[Source records]

----------------------------------------

theorem lemma3p19:
  fixes \<mu> :: "'a::{topological_ab_group_add, second_countable_topology, t2_space} measure"
    and \<Lambda> \<Gamma> :: "'a set" and A :: "nat \<Rightarrow> 'a set" and \<gamma> :: "'a measure"
  assumes "locally_compact_space (euclidean :: 'a topology)"
    and "haar_measure \<mu>"
    and "\<Lambda> \<subseteq> \<Gamma>" and "uniformly_discrete \<Lambda>" and "uniformly_discrete \<Gamma>"
    and "van_hove \<mu> A"
    and "eventually (\<lambda>n. \<Lambda> \<inter> A n \<noteq> {}) sequentially"
    and "counting_autocorrelation \<Lambda> A \<gamma>"
    and "(\<lambda>n. real (card (\<Lambda> \<inter> A n)) / real (card (\<Gamma> \<inter> A n))) \<longlonglongrightarrow> 1"
  shows "counting_autocorrelation \<Gamma> A \<gamma>"
proof -
  have "compact (A n)" for n
    using assms(6) unfolding van_hove_def by blast
  then have finite_\<Gamma>: "finite (\<Gamma> \<inter> A n)" for n
    by (rule uniformly_discrete_Int_compact_finite[OF assms(5)])
  have \<gamma>: "sets \<gamma> = sets borel" "\<forall>K. compact K \<longrightarrow> emeasure \<gamma> K < \<infinity>"
    and lim_\<Lambda>: "\<And>f. Cc f \<Longrightarrow> (\<lambda>n. gamma_fin_integral (\<Lambda> \<inter> A n) f) \<longlonglongrightarrow> integral\<^sup>L \<gamma> f"
    using assms(8) unfolding counting_autocorrelation_def by auto
  have "(\<lambda>n. gamma_fin_integral (\<Gamma> \<inter> A n) f) \<longlonglongrightarrow> integral\<^sup>L \<gamma> f" if Cc_f: "Cc f" for f
  proof -
    obtain R where rows: "\<And>H x. finite H \<Longrightarrow> H \<subseteq> \<Gamma> \<Longrightarrow> (\<Sum>y\<in>H. norm (f (x - y))) \<le> R"
      and cols: "\<And>H y. finite H \<Longrightarrow> H \<subseteq> \<Gamma> \<Longrightarrow> (\<Sum>x\<in>H. norm (f (x - y))) \<le> R"
      using Cc_kernel_sums_bounded[OF Cc_f assms(5)] by metis
    let ?r = "\<lambda>n. real (card (\<Lambda> \<inter> A n)) / real (card (\<Gamma> \<inter> A n))"
    let ?\<gamma>\<^sub>\<Lambda> = "\<lambda>n. gamma_fin_integral (\<Lambda> \<inter> A n) f"
    have "\<forall>\<^sub>F n in sequentially.
        norm (gamma_fin_integral (\<Gamma> \<inter> A n) f - ?\<gamma>\<^sub>\<Lambda> n) \<le> (1 - ?r n) * (2 * R + norm (?\<gamma>\<^sub>\<Lambda> n))"
      using assms(7)
    proof eventually_elim
      case (elim n)
      have "\<Lambda> \<inter> A n \<subseteq> \<Gamma> \<inter> A n" "\<Gamma> \<inter> A n \<subseteq> \<Gamma>"
        using assms(3) by blast+
      then show ?case
        using gamma_fin_integral_subset_diff_le[OF finite_\<Gamma> _ elim] rows[OF finite_\<Gamma>] cols[OF finite_\<Gamma>]
        by blast
    qed
    moreover have "(\<lambda>n. (1 - ?r n) * (2 * R + norm (?\<gamma>\<^sub>\<Lambda> n))) \<longlonglongrightarrow> (1 - 1) * (2 * R + norm (integral\<^sup>L \<gamma> f))"
      by (intro tendsto_intros assms(9) lim_\<Lambda>[OF Cc_f])
    then have "(\<lambda>n. (1 - ?r n) * (2 * R + norm (?\<gamma>\<^sub>\<Lambda> n))) \<longlonglongrightarrow> 0"
      by simp
    ultimately have "(\<lambda>n. gamma_fin_integral (\<Gamma> \<inter> A n) f - ?\<gamma>\<^sub>\<Lambda> n) \<longlonglongrightarrow> 0"
      by (rule Lim_null_comparison)
    from tendsto_add[OF this lim_\<Lambda>[OF Cc_f]] show ?thesis
      by simp
  qed
  with \<gamma> show ?thesis
    unfolding counting_autocorrelation_def by blast
qed

end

----------------------------------------

[Aim of the exercise] Where a line in the records above contains the string "blast", copy that line.

[Answer box]
    using assms(6) unfolding van_hove_def by blast
        using assms(3) by blast+
        by blast
    unfolding counting_autocorrelation_def by blast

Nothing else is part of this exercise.